Разборки дезертиров
Шрифт:
Водила предпринял попытку завладеть кабиной. Заворочался под колесом, забросил ногу. Очередь вдребезги разбила зеркало, нога сорвалась, водила грудью упал на подножку, сполз под машину.
Для «грибника», угодившего под перекрестный огонь, настали трудные времена. Особо он не нарывался – потихоньку отползал. До леса было метров семьдесят. Макушка сержанта вознеслась над кустами. Оценив ситуацию, он произвел выстрел, прыгнул в траву, перекатился. «Грибник» приподнялся, пальнул в ответ, сбив стебелек вороньего глаза с одинокой ягодой (метко, нечего сказать), но сержант уже лежал в траве.
Выждав несколько секунд, сержант приподнял голову. Медленно поднялся. Не опуская автомат, подошел к телу, перевернул его ногой, полюбовался. Носком сапога отбросил пистолет. Оскалился, махнув небрежно: слезай, мол, штатский люд, конец войне.
«И зачем такому на дембель?» – подумал я.
– Пойдемте, товарищи офицеры, – встрепенулся Балабанюк. – Чего же мы лежим?
– Спокойно, – проворчал я, выбираясь из укрытия. – Не имейте вредной привычки ходить поперек батьки в пекло.
– Как-то странно это, – пожал плечами Аристов. – Вроде не должны участвовать представители военной прокуратуры в массовом уничтожении людей.
– Не мы начали, – возразил я. – Пойдемте, коллеги. Булдыгин, что с тобой? Все еще борешься с засохшими пятнами?
Булдыгин яростно растирал пятно на куртке. Поднял на меня влажные глаза, заморгал.
– В дерьмо я козье вляпался, Мишаня…
Мы спустились с горки и побрели к застывшей колонне. Сдерживая спазмы, поглазели на мертвых автоматчиков. Серьезные с виду мужики, не дикари какие-нибудь. У того, что с пулей в голове, окладистая бородка, обработанная триммером. Здоровяк женатый – обручальное кольцо на скрюченном пальце.

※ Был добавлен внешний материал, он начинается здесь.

lemma hess_log_radius:
  fixes x v :: "complex ^ 'm::finite"
  assumes lam: "\<And>a. lam a > 0" and x: "x \<noteq> 0"
  defines "s \<equiv> log_radius lam x"
  defines "D \<equiv> weighted_inner lam 1 s x x"
  defines "d \<equiv> weighted_inner lam 0 s x v / D"
  shows "hess (log_radius lam) x v v =
    (weighted_inner lam 0 s v v - 4 * d * weighted_inner lam 1 s x v + 2 * d\<^sup>2 * weighted_inner lam 2 s x x) / D"
proof -
  have V: "open (UNIV - {0::complex ^ 'm})" "x \<in> UNIV - {0}" using x by auto
  have D: "D > 0" unfolding D_def by (rule weighted_inner_self_pos[of lam, OF lam x])
  have lr: "(log_radius lam has_derivative (\<lambda>w. weighted_inner lam 0 s x w / D)) (at x)"
    unfolding s_def D_def by (rule log_radius_has_derivative[of lam, OF lam x])
  have num: "((\<lambda>y. weighted_inner lam 0 (log_radius lam y) y v) has_derivative
      (\<lambda>w. weighted_inner lam 0 s w v - 2 * (weighted_inner lam 0 s x w / D) * weighted_inner lam 1 s x v)) (at x)"
    by (rule has_derivative_eq_rhs[OF weighted_inner_has_derivative[OF lr has_derivative_ident
          has_derivative_const]]) (simp add: fun_eq_iff s_def weighted_inner_def)
  have den: "((\<lambda>y. weighted_inner lam 1 (log_radius lam y) y y) has_derivative
      (\<lambda>w. 2 * weighted_inner lam 1 s x w - 2 * (weighted_inner lam 0 s x w / D) * weighted_inner lam 2 s x x))
      (at x)"
    by (rule has_derivative_eq_rhs[OF weighted_inner_has_derivative[OF lr has_derivative_ident
          has_derivative_ident]]) (simp add: fun_eq_iff s_def numeral_2_eq_2 weighted_inner_commute[of lam "Suc 0" _ _ x])
  have "hess (log_radius lam) x v = (\<lambda>w.
      - weighted_inner lam 0 s x v * (inverse D * (2 * weighted_inner lam 1 s x w
        - 2 * (weighted_inner lam 0 s x w / D) * weighted_inner lam 2 s x x) * inverse D)
      + (weighted_inner lam 0 s w v - 2 * (weighted_inner lam 0 s x w / D) * weighted_inner lam 1 s x v) / D)"
  proof (rule hess_eqI[OF V])
    show "(log_radius lam has_derivative (\<lambda>v. weighted_inner lam 0 (log_radius lam y) y v /
        weighted_inner lam 1 (log_radius lam y) y y)) (at y)" if "y \<in> UNIV - {0}" for y
      using log_radius_has_derivative[of lam, OF lam] that by auto
    show "((\<lambda>y. weighted_inner lam 0 (log_radius lam y) y v / weighted_inner lam 1 (log_radius lam y) y y)
        has_derivative (\<lambda>w.
      - weighted_inner lam 0 s x v * (inverse D * (2 * weighted_inner lam 1 s x w
        - 2 * (weighted_inner lam 0 s x w / D) * weighted_inner lam 2 s x x) * inverse D)
      + (weighted_inner lam 0 s w v - 2 * (weighted_inner lam 0 s x w / D) * weighted_inner lam 1 s x v) / D))
        (at x)"
      using has_derivative_divide[OF num den] D by (simp add: s_def D_def)
  qed
  then show ?thesis
    using D by (simp add: d_def field_simps power2_eq_square weighted_inner_commute[of lam 0 s v x])
qed

lemma weighted_bessel:
  assumes lam: "\<And>a. lam a > 0"
  shows "(weighted_inner lam 1 s x v)\<^sup>2 + (weighted_inner lam 1 s x (Jc v))\<^sup>2 \<le>
    weighted_inner lam 2 s x x * weighted_inner lam 0 s v v"
proof -
  define al where "al a = exp (- 2 * lam a * s)" for a
  have al: "sqrt (al a) * sqrt (al a) = al a" for a by (simp add: al_def)
  have ala: "\<bar>al a\<bar> = al a" for a by (simp add: al_def)
  define Z where "Z = (\<chi> a. (lam a * sqrt (al a)) *\<^sub>R (x $ a))"
  define W where "W = (\<chi> a. sqrt (al a) *\<^sub>R (v $ a))"
  have "(inner Z W)\<^sup>2 + (inner Z (Jc W))\<^sup>2 \<le> inner Z Z * inner W W"
    by (rule bessel_two_orthogonal) (simp_all add: inner_Jc_same inner_Jc_Jc)
  moreover have "inner Z W = weighted_inner lam 1 s x v"
    unfolding weighted_inner_def inner_vec_def Z_def W_def
    by (rule sum.cong) (simp_all add: al_def[symmetric] algebra_simps ala, simp add: al_def)
  moreover have "inner Z (Jc W) = weighted_inner lam 1 s x (Jc v)"
    unfolding weighted_inner_def inner_vec_def Z_def W_def Jc_def
    by (rule sum.cong) (simp_all add: al_def[symmetric] scaleR_conv_of_real algebra_simps
        inner_complex_def ala, (simp add: al_def algebra_simps)?)
  moreover have "inner Z Z = weighted_inner lam 2 s x x"
    unfolding weighted_inner_def inner_vec_def Z_def
    by (rule sum.cong) (simp_all add: al_def[symmetric] power2_eq_square algebra_simps ala,
        (simp add: al_def algebra_simps)?)
  moreover have "inner W W = weighted_inner lam 0 s v v"
    unfolding weighted_inner_def inner_vec_def W_def
    by (rule sum.cong) (simp_all add: al_def[symmetric] algebra_simps ala, (simp add: al_def algebra_simps)?)
  ultimately show ?thesis by simp
qed

text \<open>With \<open>T = t\<^sub>1\<^sup>2 + t\<^sub>2\<^sup>2\<close> and \<open>X = t\<^sub>1 P\<^sub>1 + t\<^sub>2 P\<^sub>2\<close> the expression is \<open>(4/D)(D T + S + E T - 2 X)\<close>,
  and \<open>2 X \<le> E T + S\<close> by Cauchy-Schwarz and AM-GM.\<close>
lemma levi_form_exp_log_radius_ineq:
  fixes D E S P1 P2 t1 t2 :: real
  assumes D: "D > 0" and E: "E \<ge> 0" and S: "S > 0" and P: "P1\<^sup>2 + P2\<^sup>2 \<le> E * S"
  shows "0 < 4 * t1\<^sup>2 + 2 * ((S - 4 * t1 * P1 + 2 * t1\<^sup>2 * E) / D)
           + 4 * t2\<^sup>2 + 2 * ((S - 4 * t2 * P2 + 2 * t2\<^sup>2 * E) / D)"
proof -
  define T X where "T = t1\<^sup>2 + t2\<^sup>2" and "X = t1 * P1 + t2 * P2"
  have T: "T \<ge> 0" by (simp add: T_def)
  have "T * (P1\<^sup>2 + P2\<^sup>2) - X\<^sup>2 = (t1 * P2 - t2 * P1)\<^sup>2"
    by (simp add: T_def X_def power2_eq_square algebra_simps)
  then have "X\<^sup>2 \<le> T * (P1\<^sup>2 + P2\<^sup>2)" by (metis diff_ge_0_iff_ge zero_le_power2)
  then have XTES: "X\<^sup>2 \<le> T * (E * S)" using mult_left_mono[OF P T] by linarith
  have "(E * T + S)\<^sup>2 - 4 * (T * (E * S)) = (E * T - S)\<^sup>2" by (simp add: power2_eq_square algebra_simps)
  then have "4 * (T * (E * S)) \<le> (E * T + S)\<^sup>2" by (metis diff_ge_0_iff_ge zero_le_power2)
  then have "(2 * X)\<^sup>2 \<le> (E * T + S)\<^sup>2" using XTES by (simp add: power_mult_distrib)
  moreover have "0 \<le> E * T + S" using E T S by simp
  ultimately have X: "2 * X \<le> E * T + S" by (rule power2_le_imp_le)
  have "0 < D * T + (S + E * T - 2 * X)"
  proof (cases "T = 0")
    case True
    then have "t1 = 0" "t2 = 0" by (auto simp: T_def add_nonneg_eq_0_iff)
    then show ?thesis using S True by (simp add: X_def)
  next
    case False
    then have "D * T > 0" using D T by simp
    then show ?thesis using X by linarith
  qed
  moreover have "4 * t1\<^sup>2 + 2 * ((S - 4 * t1 * P1 + 2 * t1\<^sup>2 * E) / D)
      + 4 * t2\<^sup>2 + 2 * ((S - 4 * t2 * P2 + 2 * t2\<^sup>2 * E) / D) = (4 / D) * (D * T + (S + E * T - 2 * X))"
    using D by (simp add: T_def X_def field_simps)
  ultimately show ?thesis using D by simp
qed

lemma smooth_on_exp_2x: "smooth_on UNIV (\<lambda>y::real. exp (2 * y))"
  using smooth_on_compose[OF _ _ smooth_on_exp smooth_on_affine[of 2 0]] by simp
text \<open>States of the algorithm: (candidate list, history of queries (x_t, v_t, f_t) in order).
  algo_reach n L f S holds iff S is reachable by some run (ties in the selection arbitrary).\<close>
inductive algo_reach :: "nat \<Rightarrow> real \<Rightarrow> (vec \<Rightarrow> real) \<Rightarrow> cand multiset \<times> cand list \<Rightarrow> bool"
  for n L f where
  init: "algo_reach n L f
           (split_cands n L (x_init n) (x_init n) (f (proj n (x_init n))),
            [(x_init n, x_init n, f (proj n (x_init n)))])"
| step: "\<lbrakk> algo_reach n L f (C, H); c \<in># C; \<forall>c' \<in># C. snd (snd c) \<le> snd (snd c') \<rbrakk> \<Longrightarrow>
         algo_reach n L f
           (C - {#c#} + split_cands n L (fst c) (fst (snd c)) (f (proj n (fst c))),
            H @ [(fst c, fst (snd c), f (proj n (fst c)))])"

end

theory Submission
  imports Defs
begin

text \<open>Every edge vector produced by the algorithm has coordinates
  \<theta>^-(m+1), ..., \<theta>^-(m+n) in some order; halving the largest one turns it into
  \<theta>^-(m+n+1), so each split shrinks the norm of the edge vector by exactly \<theta>. A child's
  centre lies within the norm of its own edge vector v from its parent's, so by the Lipschitz
  bound every candidate satisfies f(P x) \<le> score + (1 + \<theta>) L |v|. Conversely the list
  always contains a box around any fixed point y of the cube whose score is at most f(y); as
  the queried candidate has minimal score, f_t - f(y) \<le> (1 + \<theta>) L |v_t|. This holds for
  every y in the cube.\<close>

definition shrink_factor :: "nat \<Rightarrow> real" where
  "shrink_factor n = inverse (theta n)"

lemma theta_gt_1: "n \<ge> 1 \<Longrightarrow> theta n > 1"
  unfolding theta_def by (simp add: powr_gt_zero)

lemma theta_power_dim: "n \<ge> 1 \<Longrightarrow> theta n ^ n = 2"
  unfolding theta_def by (simp add: powr_realpow[symmetric] powr_powr)

lemma shrink_factor_pos: "n \<ge> 1 \<Longrightarrow> 0 < shrink_factor n"
  unfolding shrink_factor_def using theta_gt_1[of n] by simp

lemma shrink_factor_less_1: "n \<ge> 1 \<Longrightarrow> shrink_factor n < 1"
  unfolding shrink_factor_def using theta_gt_1[of n] by (simp add: inverse_less_1_iff)

lemma shrink_factor_power_dim: "n \<ge> 1 \<Longrightarrow> shrink_factor n ^ n = 1 / 2"
  unfolding shrink_factor_def using theta_power_dim by (simp add: power_inverse)

lemma theta_mult_shrink_factor: "n \<ge> 1 \<Longrightarrow> theta n * shrink_factor n = 1"
  unfolding shrink_factor_def using theta_gt_1[of n] by simp

definition edge_profile :: "nat \<Rightarrow> vec \<Rightarrow> real multiset" where
  "edge_profile n v = image_mset v (mset_set {..<n})"

definition edge_at_level :: "nat \<Rightarrow> nat \<Rightarrow> vec \<Rightarrow> bool" where
  "edge_at_level n m v \<longleftrightarrow>
     edge_profile n v = mset (map (\<lambda>k. shrink_factor n ^ k) [Suc m..<Suc m + n])"

lemma enorm_eq_sum_profile: "enorm n v = sqrt (\<Sum>x\<in>#edge_profile n v. x\<^sup>2)"
  unfolding enorm_def edge_profile_def by (simp add: sum_unfold_sum_mset multiset.map_comp o_def)

lemma enorm_at_level:
  "edge_at_level n m v \<Longrightarrow> enorm n v = sqrt (\<Sum>k\<leftarrow>[Suc m..<Suc m + n]. (shrink_factor n ^ k)\<^sup>2)"
  unfolding enorm_eq_sum_profile edge_at_level_def
  by (simp del: upt_Suc add: sum_mset_sum_list o_def flip: mset_map)

lemma enorm_at_level_Suc:
  assumes n: "n \<ge> 1" and v: "edge_at_level n m v" and w: "edge_at_level n (Suc m) w"
  shows "enorm n v = theta n * enorm n w"
proof -
  let ?q = "shrink_factor n"
  have "(\<Sum>k\<leftarrow>[Suc (Suc m)..<Suc (Suc m) + n]. (?q ^ k)\<^sup>2)
      = (\<Sum>k\<leftarrow>[Suc m..<Suc m + n]. ?q\<^sup>2 * (?q ^ k)\<^sup>2)"
    by (simp del: upt_Suc flip: map_Suc_upt add: o_def power_mult_distrib)
  also have "\<dots> = ?q\<^sup>2 * (\<Sum>k\<leftarrow>[Suc m..<Suc m + n]. (?q ^ k)\<^sup>2)"
    by (simp add: sum_list_const_mult)
  finally have "enorm n w = ?q * enorm n v"
    using shrink_factor_pos[OF n] by (simp add: enorm_at_level[OF v] enorm_at_level[OF w] real_sqrt_mult)
  then show ?thesis
    using theta_mult_shrink_factor[OF n] by (simp flip: mult.assoc)
qed

lemma maxidx_less: "n \<ge> 1 \<Longrightarrow> maxidx n v < n"
  and maxidx_max: "n \<ge> 1 \<Longrightarrow> j < n \<Longrightarrow> v j \<le> v (maxidx n v)"
proof -
  assume "n \<ge> 1"
  then have "Max (v ` {..<n}) \<in> v ` {..<n}" by (intro Max_in) (auto simp: lessThan_empty_iff)
  then obtain i where "i < n" "v i = Max (v ` {..<n})" by auto
  then have "\<exists>i. i < n \<and> (\<forall>j<n. v j \<le> v i)" by auto
  then have "maxidx n v < n \<and> (\<forall>j<n. v j \<le> v (maxidx n v))"
    unfolding maxidx_def by (rule LeastI_ex)
  then show "maxidx n v < n" "j < n \<Longrightarrow> v j \<le> v (maxidx n v)" by auto
qed

definition split_shift :: "nat \<Rightarrow> vec \<Rightarrow> vec" where
  "split_shift n v = (\<lambda>i. (v (maxidx n v) / 2) * unitv (maxidx n v) i)"

lemma split_cands_eq:
  "split_cands n L x v s =
     {# ((\<lambda>i. x i + split_shift n v i), (\<lambda>i. v i - split_shift n v i), s - L * enorm n v),
        ((\<lambda>i. x i - split_shift n v i), (\<lambda>i. v i - split_shift n v i), s - L * enorm n v) #}"
  unfolding split_cands_def split_shift_def Let_def ..

lemma split_edge_eq_upd:
  "(\<lambda>i. v i - split_shift n v i) = v(maxidx n v := v (maxidx n v) / 2)"
  by (auto simp: split_shift_def unitv_def)

lemma edge_profile_upd:
  "i < n \<Longrightarrow> edge_profile n (v(i := a)) = edge_profile n v - {#v i#} + {#a#}"
proof -
  assume "i < n"
  then have split: "mset_set {..<n} = add_mset i (mset_set ({..<n} - {i}))"
    by (simp add: mset_set.remove)
  have "image_mset (v(i := a)) (mset_set ({..<n} - {i})) = image_mset v (mset_set ({..<n} - {i}))"
    by (intro image_mset_cong) auto
  then show ?thesis unfolding edge_profile_def split by simp
qed
(* Let $\mathcal{X},\mathcal{Y},\mathcal{Z}$ be sets, $\mathcal{G}$ a measurable space of maps $g:\mathcal{X}\to\mathcal{Z}$, $\{h_\theta:\theta\in\mathbb{R}^p\}$ a parametric family of maps $\mathcal{Z}\to\mathbb{R}$, and $\mathcal{H}=\{h_\theta:\|\theta\|\le B\}$. Assume that for every $(x,y,g)$ the map $\theta\mapsto\ell(h_\theta\circ g(x),y)$ is convex, $L$-Lipschitz, and takes values in $[0,C]$. Fix arbitrary datasets $\mathcal{S}_t=((x_{t,1},y_{t,1}),\dots,(x_{t,m_t},y_{t,m_t}))$, $t=1,\dots,T$. Then the EWA-LL algorithm with prior $\pi_1$ and parameter $\eta>0$, using within task $t$ the online gradient algorithm (OGA) with step size $\zeta=\frac{B}{L\sqrt{2m_t}}$, satisfies $$\frac{1}{T}\sum_{t=1}^T \mathbb{E}_{\hat g_t\sim\pi_t}\Big[\frac{1}{m_t}\sum_{i=1}^{m_t}\hat\ell_{t,i}\Big]\le \inf_{\rho}\Bigg\{\mathbb{E}_{g\sim\rho}\Bigg[\frac{1}{T}\sum_{t=1}^T\inf_{h_t\in\mathcal{H}}\frac{1}{m_t}\sum_{i=1}^{m_t}\ell\big(h_t\circ g(x_{t,i}),y_{t,i}\big)+\frac{BL}{T}\sum_{t=1}^T\sqrt{\frac{2}{m_t}}\Bigg]+\frac{\eta C^2}{8}+\frac{\mathcal{K}(\rho,\pi_1)}{\eta T}\Bigg\},$$ the infimum being over all probability measures $\rho$ on $\mathcal{G}$, with $\mathcal{K}$ the Kullback–Leibler divergence.
   Context: OGA within task $t$ for representation $g$: $\theta_1=0$; for $i=1,\dots,m_t$, predict $\hat y^g_{t,i}=h_{\theta_i}\circ g(x_{t,i})$, then after $y_{t,i}$ is revealed set $\theta_{i+1}=\theta_i-\zeta\nabla_\theta\ell(h_\theta\circ g(x_{t,i}),y_{t,i})|_{\theta=\theta_i}$, where $\nabla_\theta$ denotes a subgradient. Let $\hat L_t(g)=\frac{1}{m_t}\sum_i\ell(\hat y^g_{t,i},y_{t,i})$. EWA-LL: given a prior probability measure $\pi_1$ on $\mathcal{G}$ and $\eta>0$, for $t=1,\dots,T$: draw $\hat g_t\sim\pi_t$; run OGA on $\mathcal{S}_t$ with representation $\hat g_t$, incurring losses $\hat\ell_{t,i}=\ell(\hat y^{\hat g_t}_{t,i},y_{t,i})$; set $\pi_{t+1}(\mathrm{d}g)\propto\exp(-\eta\hat L_t(g))\pi_t(\mathrm{d}g)$ (normalized to a probability measure). $\mathbb{E}_{\hat g_t\sim\pi_t}$ is the expectation over the random draw of $\hat g_t$. *)

theory Defs
  imports "HOL-Probability.Probability" "HOL-Analysis.Analysis"
begin
lemma reduced_cost_row_ge_3_min:
  assumes "3 \<le> i" "i \<le> k" "r \<in> {1..k}" "r \<noteq> i"
  shows "reduced_cost i i < reduced_cost i r"
proof -
  define c where "c = N ^ (i - 2)"
  have "3 < N" using k_less_N assms by simp
  have "N ^ 1 \<le> c"
    unfolding c_def using \<open>3 < N\<close> assms by (intro power_increasing) auto
  have slope_below: "3 * N ^ (s - 2) < c" if "s < i" for s
  proof -
    have "3 * N ^ (s - 2) < N ^ Suc (s - 2)" using \<open>3 < N\<close> by simp
    also have "\<dots> \<le> c"
      unfolding c_def using \<open>3 < N\<close> that assms by (intro power_increasing) auto
    finally show ?thesis .
  qed
  have slope_above: "c < 3 * N ^ (s - 2)" if "i \<le> s" for s
  proof -
    have "c \<le> N ^ (s - 2)"
      unfolding c_def using \<open>3 < N\<close> that by (intro power_increasing) auto
    then show ?thesis using \<open>N ^ 1 \<le> c\<close> \<open>3 < N\<close> by simp
  qed
  have V_below: "V i - V r' < c * (x i - x r')" if "2 \<le> r'" "r' < i" for r'
    using V_diff[of r' i] sum_slopes_less[of r' i x] slope_below x_step that assms by simp
  have cost_i: "cost i r' = c * (C - x r')" for r'
    unfolding cost_def c_def using assms by simp
  consider "i < r" | "r = 1" | "2 \<le> r" "r < i" using assms by force
  then show ?thesis
  proof cases
    case 1
    then have "c * (x r - x i) < V r - V i"
      using V_diff[of i r] sum_slopes_greater[of i r x] slope_above x_step assms by simp
    then show ?thesis
      using 1 assms by (simp add: reduced_cost_def cost_i potential_def algebra_simps)
  next
    case 2
    have "(b 1 - b 2) / 2 \<le> x 2 - x 1" using b_slope[of 1 2] k_ge_2 by simp
    also have "\<dots> < c * (x 2 - x 1)"
      using x_less[of 1 2] k_ge_2 \<open>N ^ 1 \<le> c\<close> \<open>3 < N\<close> by simp
    finally have "V i + (b 1 - b 2) / 2 < c * (x i - x 1)"
      using V_below[of 2] assms by (simp add: algebra_simps)
    then show ?thesis
      using 2 assms by (simp add: reduced_cost_def cost_i potential_def algebra_simps)
  next
    case 3
    then show ?thesis
      using V_below[of r] assms by (simp add: reduced_cost_def cost_i potential_def algebra_simps)
  qed
qed

lemma optimal_perm_permutes: "optimal_perm permutes {1..k}"
  unfolding optimal_perm_def using k_ge_2 by (auto intro: permutes_swap_id)

lemma optimal_perm_fixes: "3 \<le> i \<Longrightarrow> optimal_perm i = i"
  unfolding optimal_perm_def by simp

lemma inv_optimal_perm: "inv optimal_perm = optimal_perm"
  unfolding optimal_perm_def by simp

lemma optimal_perm_unique_min:
  assumes "\<tau> permutes {1..k}" "\<tau> \<noteq> optimal_perm"
  shows "(\<Sum>r = 1..k. cost (optimal_perm r) r) < (\<Sum>r = 1..k. cost (\<tau> r) r)"
proof -
  have row_min: "reduced_cost i (optimal_perm i) < reduced_cost i r"
    if "i \<in> {1..k}" "r \<in> {1..k}" "r \<noteq> optimal_perm i" for i r
  proof -
    have "i = 1 \<or> i = 2 \<or> 3 \<le> i" using that by auto
    then consider "i = 1" | "i = 2" | "3 \<le> i" "optimal_perm i = i"
      using optimal_perm_fixes by blast
    then show ?thesis
      by cases
        (use that reduced_cost_row_1_min reduced_cost_row_2_min reduced_cost_row_ge_3_min in auto)
  qed
  have "(\<Sum>r = 1..k. reduced_cost (optimal_perm r) r) < (\<Sum>r = 1..k. reduced_cost (\<tau> r) r)"
    by (rule sum_permutation_strict_min[where F = reduced_cost, OF _ optimal_perm_permutes assms])
      (use row_min in \<open>simp_all add: inv_optimal_perm\<close>)
  then show ?thesis by (simp add: reduced_cost_def sum_subtractf)
qed

end

lemma kth_elem_bounds:
  assumes "ksubset k n I" "1 \<le> r" "r \<le> k"
  shows "1 \<le> kth_elem I r \<and> kth_elem I r \<le> n"
proof -
  have "I \<subseteq> {1..n}" "card I = k" using assms(1) unfolding ksubset_def by auto
  then have "r - 1 < length (sorted_list_of_set I)" using assms(2,3) by simp
  then have "kth_elem I r \<in> set (sorted_list_of_set I)" unfolding kth_elem_def by (rule nth_mem)
  moreover have "finite I" using \<open>I \<subseteq> {1..n}\<close> finite_subset by blast
  ultimately show ?thesis using \<open>I \<subseteq> {1..n}\<close> by auto
qed

lemma kth_elem_less:
  assumes "ksubset k n I" "1 \<le> r" "r < r'" "r' \<le> k"
  shows "kth_elem I r < kth_elem I r'"
proof -
  have "length (sorted_list_of_set I) = k" using assms(1) unfolding ksubset_def by simp
  moreover have "sorted_wrt (<) (sorted_list_of_set I)" by simp
  ultimately show ?thesis
    unfolding kth_elem_def
    using sorted_wrt_nth_less[of "(<)" "sorted_list_of_set I" "r - 1" "r' - 1"] assms(2-4) by simp
qed

lemma M_mat_by_rows:
  assumes "1 \<le> i"
  shows "M_mat n l lam i j = (if i = 1 then 0 else if i = 2 then M_mat n l lam 2 j
    else (real n + 1) ^ (i - 2) * (real n + 1 - real j))"
  using assms unfolding M_mat_def M_int_def Let_def by simp

lemma M_int_row_2_slope:
  assumes "1 \<le> j" "j < j'" "j' \<le> n" "l + 2 \<le> lam" "lam \<le> n + l - 1" "lam \<noteq> n"
  shows "M_int n l lam 2 j - M_int n l lam 2 j' \<le> 2 * (int j' - int j)"
  using assms unfolding M_int_def Let_def by (auto split: if_splits)

lemma B_field_eq_row_2_order:
  assumes "1 \<le> kth_elem I 1" "kth_elem I 1 < kth_elem I 2" "kth_elem I 2 \<le> n"
    and "l + 2 \<le> lam" "lam \<le> n + l - 1" "lam \<noteq> n"
  shows "M_int n l lam 2 (kth_elem I 1) \<noteq> M_int n l lam 2 (kth_elem I 2)"
    and "B_field n l lam I = (if M_int n l lam 2 (kth_elem I 2) < M_int n l lam 2 (kth_elem I 1)
      then id else Transposition.transpose 1 2)"
  using assms unfolding B_field_def M_int_def Let_def by (auto split: if_splits)

lemma B_field_strict_min:
  assumes "2 \<le> k" "k \<le> n" and lam: "l + 2 \<le> lam" "lam \<le> n + l - 1" "lam \<noteq> n"
    and I: "ksubset k n I" and "\<tau> permutes {1..k}" "\<tau> \<noteq> B_field n l lam I"
  shows "term_weight (M_mat n l lam) k I (B_field n l lam I) < term_weight (M_mat n l lam) k I \<tau>"
proof -
  let ?x = "\<lambda>r. real (kth_elem I r)" and ?b = "\<lambda>r. M_mat n l lam 2 (kth_elem I r)"
  have "1 \<le> kth_elem I 1" "kth_elem I 1 < kth_elem I 2" "kth_elem I 2 \<le> n"
    using kth_elem_bounds[OF I] kth_elem_less[OF I, of 1 2] \<open>2 \<le> k\<close> by auto
  note row_2_order = B_field_eq_row_2_order[OF this lam]
  interpret layered_costs k "real n + 1" "real n + 1" ?x ?b
  proof
    show "?b r - ?b s \<le> 2 * (?x s - ?x r)" if "1 \<le> r" "r < s" "s \<le> k" for r s
    proof -
      have "1 \<le> kth_elem I r" "kth_elem I r < kth_elem I s" "kth_elem I s \<le> n"
        using kth_elem_bounds[OF I] kth_elem_less[OF I] that by auto
      from M_int_row_2_slope[OF this lam] show ?thesis
        unfolding M_mat_def by (simp flip: of_int_le_iff)
    qed
  qed (use assms kth_elem_less[OF I] row_2_order(1) in \<open>auto simp: M_mat_def\<close>)
  have weight: "term_weight (M_mat n l lam) k I \<pi> = (\<Sum>r = 1..k. cost (\<pi> r) r)"
    if "\<pi> permutes {1..k}" for \<pi>
    unfolding term_weight_def
  proof (rule sum.cong)
    fix r assume "r \<in> {1..k}"
    then have "\<pi> r \<in> {1..k}" using permutes_in_image[OF that] by simp
    then show "M_mat n l lam (\<pi> r) (kth_elem I r) = cost (\<pi> r) r"
      using M_mat_by_rows[of "\<pi> r" n l lam "kth_elem I r"] unfolding cost_def by simp
  qed simp
  have "B_field n l lam I = optimal_perm"
    using row_2_order(2) unfolding optimal_perm_def by (simp add: M_mat_def)
  then show ?thesis
    using optimal_perm_unique_min optimal_perm_permutes weight assms by simp
qed

lemma B_field_permutes: "2 \<le> k \<Longrightarrow> B_field n l lam I permutes {1..k}"
  unfolding B_field_def Let_def by (auto intro: permutes_swap_id)

theorem proposition2p8:
  fixes k n l lam :: nat
  assumes "2 \<le> k" and "k \<le> n"
    and "l \<le> n - k + 1"
    and "l + 2 \<le> lam" and "lam \<le> n + l - 1" and "lam \<noteq> n"
  shows "induces k n (M_mat n l lam) (B_field n l lam) \<and> coherent k n (B_field n l lam)"
proof -
  have induced: "induces k n (M_mat n l lam) (B_field n l lam)"
    unfolding induces_def
    using B_field_permutes B_field_strict_min[OF assms(1,2,4-6)] assms(1) by blast
  then have "coherent k n (B_field n l lam)"
    unfolding coherent_def matching_field_def using B_field_permutes assms(1) by blast
  with induced show ?thesis by blast
qed

end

Ленька подобрал автоматы, прикинул их на вес, как бы выбирая полегче, швырнул один Балабанюку.
– Держи, солдат. Надеюсь, второй раз не потеряем?.. Павел Викторович, ты не хочешь вооружиться?
– Я противник войны, – пробормотал Булдыгин, вызвав нервный смех.
Колонна медленно приближалась. Мы с трудом волочили ноги – не могли заставить их идти быстрее. Оружие тянуло к земле. Сержант, ссутулившись, блуждал по ромашковой поляне – бледный, дерганый. Тяжело в учении, легко в бою, а вот после боя, когда прикончишь трех человек и начинаешь с пронзительной ясностью это понимать…
Он вскинул голову, посмотрев на нас, как на пришельцев, вышел из ступора. Обогнув колонну, полюбовался на шофера, скрюченного под кабиной, покачал головой (порезвились, дескать), побрел дальше. Обошел головную машину, утвердил ногу на скобу-подножку, оттолкнулся, отгибая брезент.
Автоматная очередь простучала из кузова.
Капустин застыл, словно мысль посетила, выронил автомат, сорвался с подножки, покатился в кювет…
Я строчил по кузову, пока не кончились патроны. Со злостью отшвырнул магазин, вставил новый. В машине громко заорали, забилось тело по дощатому настилу. Всхлипывал Балабанюк, размазывая сопли по физиономии, рывками вскидывал автомат, долбил туда же.
Брезент превращался в решето. Мы прекратили огонь одновременно, посмотрели друг на дружку. Пригнувшись, я добежал до Капустина, лежащего ничком в водостоке, перевернул на спину. Лучше бы не делал этого. Изумление запечатлелось на физиономии сержанта, теперь она была какой-то доверчивой, беспомощной, детской. Смерть пришла мгновенно, не успев обезобразить лицо. Четыре пули в груди…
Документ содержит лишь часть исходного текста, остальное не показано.